Why Is My Hash Assignment Taking So Long?

J

James E Keenan

I need to build a hash whose elements represent characteristics of each of
9600 files in a single directory. I am trying to figure out why this hash
assignment is taking so long. Here is my code:

my %threads_chars = (
dir => "~/Threads",
pattern => "\.thr\.txt",
);

$threadsref = analyze_dir(\%threads_chars);

sub analyze_dir {
my $hashref = shift;
my $dir = ${$hashref}{'dir'};
my $pattern = ${$hashref}{'pattern'};
my (%filechars, $count);
chdir $dir or die "Couldn't change to $dir: $!";
opendir DIR, $dir or die "Couldn't open $dir: $!";

#1: get files in $dir which match pattern
my @files = grep { m|$pattern$|o } readdir DIR;
print '@files established for ', "$dir\n";

#2: build a hash where each element is keyed by the core of the
file name
# and the value is a ref to an array holding the file name, full
path, atime, mtime.
# Set a counter so I know how fast it's going
foreach (@files) {
$_ =~ m|^(.*)$pattern$|;
my $core = $1;
$filechars{$core} = [ $_, "$dir/$_", (stat($_))[8..9] ];
$count++;
if ($count % 100 == 0) { print 'count: ', "$count\n";}
}
closedir DIR or die "Couldn't close $dir: $!";
print "$dir HAS BEEN ANALYZED\n";
return \%filechars;
}

The counter prints to screen in 100-file increments. The first couple of
hundred files zip right by, but then the process slows to a crawl. This
occurred despite there being no other significant activity happening on this
disk. Why?

jimk
 
A

Anno Siegel

James E Keenan said:
I need to build a hash whose elements represent characteristics of each of
9600 files in a single directory. I am trying to figure out why this hash
assignment is taking so long. Here is my code:

That's a lot of files to keep in a single directory. That is the
reason why it's slow.

There are a few obvious inefficiencies in your code, but these have
no measurable effect.
my %threads_chars = (
dir => "~/Threads",
pattern => "\.thr\.txt",

You have a quoting problem here. Backslashing the dots in a *string*
has no effect. After the string is built, the backslashes are gone.
Use qr// to quote patterns:

pattern => qr/\.thr\.txt/,
);

$threadsref = analyze_dir(\%threads_chars);

sub analyze_dir {
my $hashref = shift;
my $dir = ${$hashref}{'dir'};
my $pattern = ${$hashref}{'pattern'};
my (%filechars, $count);
chdir $dir or die "Couldn't change to $dir: $!";
opendir DIR, $dir or die "Couldn't open $dir: $!";

#1: get files in $dir which match pattern
my @files = grep { m|$pattern$|o } readdir DIR;

Why do you build a list of all files just to process them once? Walk
through the directory and skip what you don't want.
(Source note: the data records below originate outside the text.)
text \<open>Row sums: the partners i - j of the elements j of a class are split among 0 and the
  two classes.\<close>
lemma pair_count_row:
  assumes i: "i < p"
  shows "pair_count p (qclass p b) (qclass p True) i + pair_count p (qclass p b) (qclass p False) i
           + (if i \<in> qclass p b then 1 else 0) = nres"
proof -
  let ?S = "qclass p b"
  let ?C = "\<lambda>T. {j\<in>{..<p}. j \<in> ?S \<and> modp p (int i - int j) \<in> T}"
  have split: "?S = ?C (qclass p True) \<union> ?C (qclass p False) \<union> ?C {0}"
    using modp_lt[OF p0] qclass_partition qclass_sub by blast
  have zero: "?C {0} = (if i \<in> ?S then {i} else {})"
    using modp_diff_eq_0_iff[OF i] i by auto
  have disjoint: "?C (qclass p True) \<inter> ?C (qclass p False) = {}"
      "(?C (qclass p True) \<union> ?C (qclass p False)) \<inter> ?C {0} = {}"
    using qclass_disj qclass_range[of 0 p] by auto
  have "card ?S = card (?C (qclass p True)) + card (?C (qclass p False)) + card (?C {0})"
    using disjoint by (subst split) (simp add: card_Un_disjoint)
  thus ?thesis using zero card_qclass unfolding pair_count_def by (simp split: if_splits)
qed

text \<open>Summing the (True, True) counts over all i counts all pairs of residues.\<close>
lemma pair_count_total: "(\<Sum>i<p. pair_count p (qclass p True) (qclass p True) i) = nres * nres"
proof -
  let ?Q = "qclass p True"
  have inner: "(\<Sum>i<p. if modp p (int i - int j) \<in> ?Q then 1 else 0) = nres" for j
  proof -
    have "(\<Sum>i<p. if modp p (1 * int i + - int j) \<in> ?Q then 1 else 0) = (\<Sum>i<p. if i \<in> ?Q then (1::nat) else 0)"
      by (rule affine_sum[OF prime]) simp
    also have "\<dots> = card {i\<in>{..<p}. i \<in> ?Q}" using card_filter_sum[of "{..<p}" "\<lambda>i. i \<in> ?Q"] by simp
    also have "{i\<in>{..<p}. i \<in> ?Q} = ?Q" using qclass_sub by auto
    finally show ?thesis using card_qclass by simp
  qed
  have "(\<Sum>i<p. pair_count p ?Q ?Q i) = (\<Sum>i<p. \<Sum>j<p. if j \<in> ?Q \<and> modp p (int i - int j) \<in> ?Q then 1 else 0)"
    unfolding pair_count_def by (intro sum.cong refl card_filter_sum) simp
  also have "\<dots> = (\<Sum>j<p. \<Sum>i<p. if j \<in> ?Q \<and> modp p (int i - int j) \<in> ?Q then 1 else 0)"
    by (rule sum.swap)
  also have "\<dots> = (\<Sum>j<p. if j \<in> ?Q then nres else 0)"
    using inner by (intro sum.cong) auto
  also have "\<dots> = (\<Sum>j\<in>?Q. nres)"
    using qclass_sub by (simp add: sum.If_cases Int_absorb1)
  finally show ?thesis using card_qclass by simp
qed

lemma cyc_row_QR: "cyc True True + cyc True False + 1 = nres"
  using pair_count_row[of 1 True] one_QR gt2 by simp

lemma cyc_row_QNR: "cyc False True + cyc False False = nres"
proof -
  have "1 \<notin> qclass p False" using one_QR qclass_disj by blast
  thus ?thesis using pair_count_row[of 1 False] gt2 by simp
qed

lemma cyc_sym: "cyc False True = cyc True False"
  using pair_count_sym by simp

lemma cyc_total:
  "(if minus_one_QR then nres else 0) + nres * cyc True True + nres * cyc False False = nres * nres"
proof -
  let ?f = "pair_count p (qclass p True) (qclass p True)"
  have "(\<Sum>i<p. ?f i) = ?f 0 + (\<Sum>i\<in>qclass p True. ?f i) + (\<Sum>i\<in>qclass p False. ?f i)"
    using qclass_range qclass_finite qclass_disj
    by (subst qclass_partition) (subst sum.insert, auto simp: sum.union_disjoint)
  also have "(\<Sum>i\<in>qclass p True. ?f i) = nres * cyc True True"
    using pair_count_nonzero[of _ True True True] card_qclass[of True] by simp
  also have "(\<Sum>i\<in>qclass p False. ?f i) = nres * cyc False False"
    using pair_count_nonzero[of _ False True True] card_qclass[of False] by simp
  finally show ?thesis using pair_count_total pair_count_zero[of True True] by simp
qed

lemma cyc_solution:
  "cyc True True + cyc True False + 1 = nres \<and> cyc True False + cyc False False = nres \<and>
   (if minus_one_QR then 2 * cyc True False = nres else 2 * cyc True False + 1 = nres)"
proof -
  have r2: "cyc True False + cyc False False = nres" using cyc_row_QNR cyc_sym by simp
  have "nres * (cyc True True + cyc False False + (if minus_one_QR then 1 else 0)) = nres * nres"
    using cyc_total by (cases minus_one_QR) (simp_all add: algebra_simps)
  hence "cyc True True + cyc False False + (if minus_one_QR then 1 else 0) = nres"
    using nres_pos by (metis mult_left_cancel not_gr0)
  thus ?thesis using cyc_row_QR r2 by (simp split: if_splits)
qed

lemma pair_count_formula:
  assumes "i < p"
  shows "pair_count p (qclass p b1) (qclass p b2) i =
    (if i = 0 then (if (minus_one_QR = b1) = b2 then nres else 0)
     else if i \<in> qclass p True then cyc b1 b2 else cyc (\<not> b1) (\<not> b2))"
  using assms
proof (cases rule: residue_cases)
  case 1 thus ?thesis using pair_count_zero by simp
next
  case 2 thus ?thesis using pair_count_nonzero[OF 2, of b1 b2] qclass_range by auto
next
  case 3 thus ?thesis using pair_count_nonzero[OF 3, of b1 b2] qclass_disj qclass_range by auto
qed

end

section \<open>The subalgebra of R_p spanned by 1, Q and N\<close>

definition conv :: "nat \<Rightarrow> (nat \<Rightarrow> R) \<Rightarrow> (nat \<Rightarrow> R) \<Rightarrow> nat \<Rightarrow> R" where
  "conv p f g i = (\<Sum>j<p. f j * g (modp p (int i - int j)))"

definition qind :: "nat \<Rightarrow> bool \<Rightarrow> nat \<Rightarrow> R" where
  "qind p b i = (if i \<in> qclass p b then 1 else 0)"

definition qpoly :: "nat \<Rightarrow> R \<Rightarrow> R \<Rightarrow> R \<Rightarrow> nat \<Rightarrow> R" where
  "qpoly p a b c i = a * onepol i + b * qind p True i + c * qind p False i"

lemma cmul_eq_conv:
  assumes p0: "0 < p" and i: "i < p"
  shows "cmul p f g i = conv p f g i"
proof -
  have "(\<Sum>k<p. if (j + k) mod p = i then f j * g k else 0) = f j * g (modp p (int i - int j))" for j
  proof -
    have "(j + k) mod p = i \<longleftrightarrow> k = modp p (int i - int j)" if k: "k < p" for k
    proof -
      have "(j + k) mod p = i \<longleftrightarrow> [int j + int k = int i] (mod int p)"
        using i by (metis cong_def cong_int_iff mod_less of_nat_add)
      also have "\<dots> \<longleftrightarrow> [int k = int i - int j] (mod int p)"
        by (metis add.commute cong_add_lcancel diff_add_cancel)
      also have "\<dots> \<longleftrightarrow> k = modp p (int i - int j)"
        using modp_eq_iff[OF p0] modp_of_lt[OF k] by (metis cong_def)
      finally show ?thesis .
    qed
    hence "(\<Sum>k<p. if (j + k) mod p = i then f j * g k else 0) =
        (\<Sum>k<p. if k = modp p (int i - int j) then f j * g k else 0)"
      by (intro sum.cong) auto
    thus ?thesis using modp_lt[OF p0] by simp
  qed
  thus ?thesis unfolding cmul_def conv_def using i by simp
qed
You'll save
the list (space efficiency) and you'll only have to apply the regex
once (time efficiency).

You should also take care to de-select anything that isn't a plain file.
print '@files established for ', "$dir\n";

#2: build a hash where each element is keyed by the core of the
file name
# and the value is a ref to an array holding the file name, full
path, atime, mtime.
# Set a counter so I know how fast it's going
foreach (@files) {
$_ =~ m|^(.*)$pattern$|;
my $core = $1;
$filechars{$core} = [ $_, "$dir/$_", (stat($_))[8..9] ];
$count++;
if ($count % 100 == 0) { print 'count: ', "$count\n";}
}
closedir DIR or die "Couldn't close $dir: $!";
print "$dir HAS BEEN ANALYZED\n";
return \%filechars;
}

The counter prints to screen in 100-file increments. The first couple of
hundred files zip right by, but then the process slows to a crawl. This
occurred despite there being no other significant activity happening on this
disk. Why?

The stat() operation takes longer for files that are "late" in the
directory, in the sense that readdir() produces them late. Since
your directory is oversized, the difference is significant. Since
you process the files in the order in which they were found, the process
seems to slow down progressively. To test the hypothesis, just change

my @files = grep { m|$pattern$|o } readdir DIR;

in your code to

my @files = reverse grep { m|$pattern$|o } readdir DIR;

and watch it start out slow and grow faster as it goes. To gain speed,
spread the files out over more smaller directories.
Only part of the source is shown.